Chick-fil-A outsells KFC and proves that there is no such thing as Monopolies in Free Markets

Posted by PITHOCRATES - March 30th, 2014

Week in Review

A lot of people fear big corporations.  And fight hard against them.  Especially the big ones that provide a wide variety of goods and/or services at lower prices than the competition.  The kind that put Mom and Pop stores out of business.  Opponents of these big corporations say those low prices are only a dirty trick to put the competition out of business.  To make themselves a monopoly.  And once they get rid of all competition with their unfair low prices there will be nothing to stop them from raising their prices.  Higher than even the Mom and Pop stores they put out of business.  Of course, if that were true then you wouldn’t read stories like this (see Chick-fil-A Stole KFC’s Chicken Crown With a Fraction of the Stores by Venessa Wong posted 3/28/2014 on BloombergBusinessweek).

The days when fried chicken was synonymous with a certain white-haired southern gentleman are over, at least in the U.S. A new champion has claimed KFC’s long-held chicken crown: Chick-fil-A…

Anyone in the northern half of the U.S. is likely scratching her head and wondering why she hasn’t seen Chick-fil-A outlets opening in the neighborhood. Last year Chick-fil-A only had about 1,775 U.S. stores to KFC’s 4,491, and most are in the South. Yet in dollar terms the Colonel is coming up short even with that much larger footprint: Chick-fil-A’s 2013 sales passed $5 billion, while all of KFC’s U.S. restaurants rang up about $4.22 billion, according to Technomic. And that’s with zero dollars coming in to Chick-fil-A on Sundays, when every restaurant is closed.

Chick-fil-A has fewer outlets than KFC.  Yet they have a greater sales volume.  Why?  Because they sell at higher prices than KFC.  According to those who fear big corporations this is not supposed to happen.  KFC should be able to sell at lower prices than the smaller Chick-fil-A.  So low that Chick-fil-A should go bankrupt trying to match the unfair lower prices of KFC.  But that isn’t happening.  Because there is no way any corporation can monopolize any industry without the government first creating a monopoly for them.  As Chick-fil-A has proven.  They thought they could offer food people would prefer over KFC.  And did.  Despite KFC dominating the industry.  And the people liked the food so much that they were willing to pay more to eat Chick-fil-A over the less expensive KFC.

The only way you can shut someone out of an industry is by raising the barriers to enter that industry.  Such as with costly licensing, permitting, fees, restrictive regulatory policies, etc.  Things only the government can force on the competition wishing to enter a market.  Thus limiting competition in that market to protect their crony friends.  But if there is no government protection of established businesses that are monopolies or quasi monopolies anyone can enter the market and compete against them.  As Chick-fil-A proves.

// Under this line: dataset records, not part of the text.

lemma toric_admissible_log_tangent:
  assumes fin: "finite I" and toric: "toric_on I f" and smooth: "smooth_coords I f"
    and adm: "fs_admissible a I f"
    and x: "\<And>i. i \<in> I \<Longrightarrow> x i > 0" and y: "\<And>i. i \<in> I \<Longrightarrow> y i > 0"
  shows "f (real_point I y) + a * fs_pot I (real_point I y) - (f (real_point I x) + a * fs_pot I (real_point I x))
       \<le> (\<Sum>l\<in>I. (dpart l False f (real_point I y) * y l + 2 * a * (y l)\<^sup>2 / (1 + (\<Sum>i\<in>I. (y i)\<^sup>2)))
                  * (ln (y l) - ln (x l)))"
proof -
  define L where "L l = ln (x l)" for l
  define V where "V l = ln (y l) - ln (x l)" for l
  define \<rho> where "\<rho> l s = exp (L l + s * V l)" for l s
  define \<gamma> where "\<gamma> s = real_point I (\<lambda>l. \<rho> l s)" for s
  define T where "T s = 1 + (\<Sum>l\<in>I. (\<rho> l s)\<^sup>2)" for s
  define c where "c s l = V l * \<rho> l s" for s l
  define G where "G s = f (\<gamma> s) + a * fs_pot I (\<gamma> s)" for s
  define G' where "G' s = (\<Sum>l\<in>I. dpart l False f (\<gamma> s) * c s l)
                          + a * ((\<Sum>l\<in>I. 2 * V l * (\<rho> l s)\<^sup>2) / T s)" for s
  define G'' where "G'' s = (\<Sum>l\<in>I. \<Sum>u\<in>I. iter_dpart [(l,False),(u,False)] f (\<gamma> s) * c s l * c s u)
      + (\<Sum>l\<in>I. dpart l False f (\<gamma> s) / \<rho> l s * (c s l)\<^sup>2)
      + a * (4 * (T s * (\<Sum>l\<in>I. (c s l)\<^sup>2) - (\<Sum>l\<in>I. \<rho> l s * c s l)\<^sup>2) / (T s)\<^sup>2)" for s
  note fs_deriv = fs_pot_log_line_derivatives[where I = I and L = L and V = V, folded \<rho>_def, folded T_def]
  have "(G has_real_derivative G' s) (at s)" for s
    using has_real_derivative_log_line[OF fin smooth, of "[]" L V s]
    unfolding G_def G'_def \<gamma>_def c_def \<rho>_def
    by (intro DERIV_add DERIV_cmult fs_deriv(1)[unfolded \<rho>_def]) simp
  moreover have "(G' has_real_derivative G'' s) (at s)" for s
    using DERIV_add[OF has_real_derivative_log_line_gradient[OF fin smooth] DERIV_cmult[OF fs_deriv(2)]]
    unfolding G'_def G''_def \<gamma>_def c_def \<rho>_def by simp
  moreover have "0 \<le> G'' s" for s
    using toric_admissible_log_hessian_nonneg[OF fin toric smooth adm, of "\<lambda>l. \<rho> l s" "c s"]
    unfolding G''_def \<gamma>_def T_def by (simp add: \<rho>_def)
  ultimately have tangent: "G 1 - G 0 \<le> G' 1"
    using convex_tangent_le[of G G' G'' 1 0] by simp
  have \<rho>_y: "\<rho> l 1 = y l" if "l \<in> I" for l
    using y[OF that] by (simp add: \<rho>_def L_def V_def)
  then have \<gamma>_1: "\<gamma> 1 = real_point I y" and T_1: "T 1 = 1 + (\<Sum>i\<in>I. (y i)\<^sup>2)"
    by (auto simp: \<gamma>_def real_point_def T_def)
  have \<gamma>_0: "\<gamma> 0 = real_point I x"
    using x by (auto simp: \<gamma>_def real_point_def \<rho>_def L_def)
  have "G' 1 = (\<Sum>l\<in>I. (dpart l False f (real_point I y) * y l + 2 * a * (y l)\<^sup>2 / (1 + (\<Sum>i\<in>I. (y i)\<^sup>2)))
                  * (ln (y l) - ln (x l)))"
    unfolding G'_def c_def sum_divide_distrib sum_distrib_left sum.distrib[symmetric] \<gamma>_1 T_1
    by (intro sum.cong refl) (simp add: \<rho>_y V_def algebra_simps)
  with tangent show ?thesis unfolding G_def \<gamma>_0 \<gamma>_1 by simp
qed

section \<open>Geometric means over blocks\<close>

definition block :: "nat set \<Rightarrow> (nat \<Rightarrow> 'b) \<Rightarrow> nat \<Rightarrow> nat set" where
  "block I blk l = {i \<in> I. blk i = blk l}"

definition block_geomean :: "nat set \<Rightarrow> (nat \<Rightarrow> 'b) \<Rightarrow> (nat \<Rightarrow> real) \<Rightarrow> nat \<Rightarrow> real" where
  "block_geomean I blk x l = (\<Prod>i\<in>block I blk l. x i) powr (1 / real (card (block I blk l)))"

lemma block_eq: "blk l = blk l' \<Longrightarrow> block I blk l = block I blk l'"
  by (simp add: block_def)

lemma sum_block_average:
  fixes C g :: "nat \<Rightarrow> real"
  assumes fin: "finite I" and C: "\<And>l l'. l \<in> I \<Longrightarrow> l' \<in> I \<Longrightarrow> blk l = blk l' \<Longrightarrow> C l = C l'"
  shows "(\<Sum>l\<in>I. C l * ((\<Sum>i\<in>block I blk l. g i) / card (block I blk l))) = (\<Sum>i\<in>I. C i * g i)"
proof -
  have card_pos: "card (block I blk i) > 0" if "i \<in> I" for i
    using that fin by (auto simp: block_def card_gt_0_iff)
  have "(\<Sum>l\<in>I. C l * ((\<Sum>i\<in>block I blk l. g i) / card (block I blk l)))
      = (\<Sum>l\<in>I. \<Sum>i\<in>I. if blk i = blk l then C l * g i / card (block I blk l) else 0)"
    unfolding block_def using fin
    by (simp add: sum_distrib_left sum_divide_distrib sum.inter_filter) (intro sum.cong refl, simp)
  also have "\<dots> = (\<Sum>i\<in>I. \<Sum>l\<in>I. if blk l = blk i then C i * g i / card (block I blk i) else 0)"
  proof -
    have "(if blk i = blk l then C l * g i / card (block I blk l) else 0)
        = (if blk l = blk i then C i * g i / card (block I blk i) else 0)" if "i \<in> I" "l \<in> I" for i l
      using C[OF that(2,1)] block_eq[of blk l i I] by auto
    then show ?thesis by (subst sum.swap) (intro sum.cong refl)
  qed
  also have "\<dots> = (\<Sum>i\<in>I. C i * g i)"
    using fin card_pos
    by (intro sum.cong refl) (simp add: sum.inter_filter[symmetric] flip: block_def)
  finally show ?thesis .
qed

People shouldn’t fear big corporations.  They should fear government.  The only entity that can create and enforce a monopoly.  For it is only with the government’s help that a monopoly can gouge customers with their high prices.  Because in a free market with low barriers to enter it will be impossible to gouge customers as the competition will keep all pricing competitive.  Because if some try to gouge their customers those customers will just go to the lower-priced competition.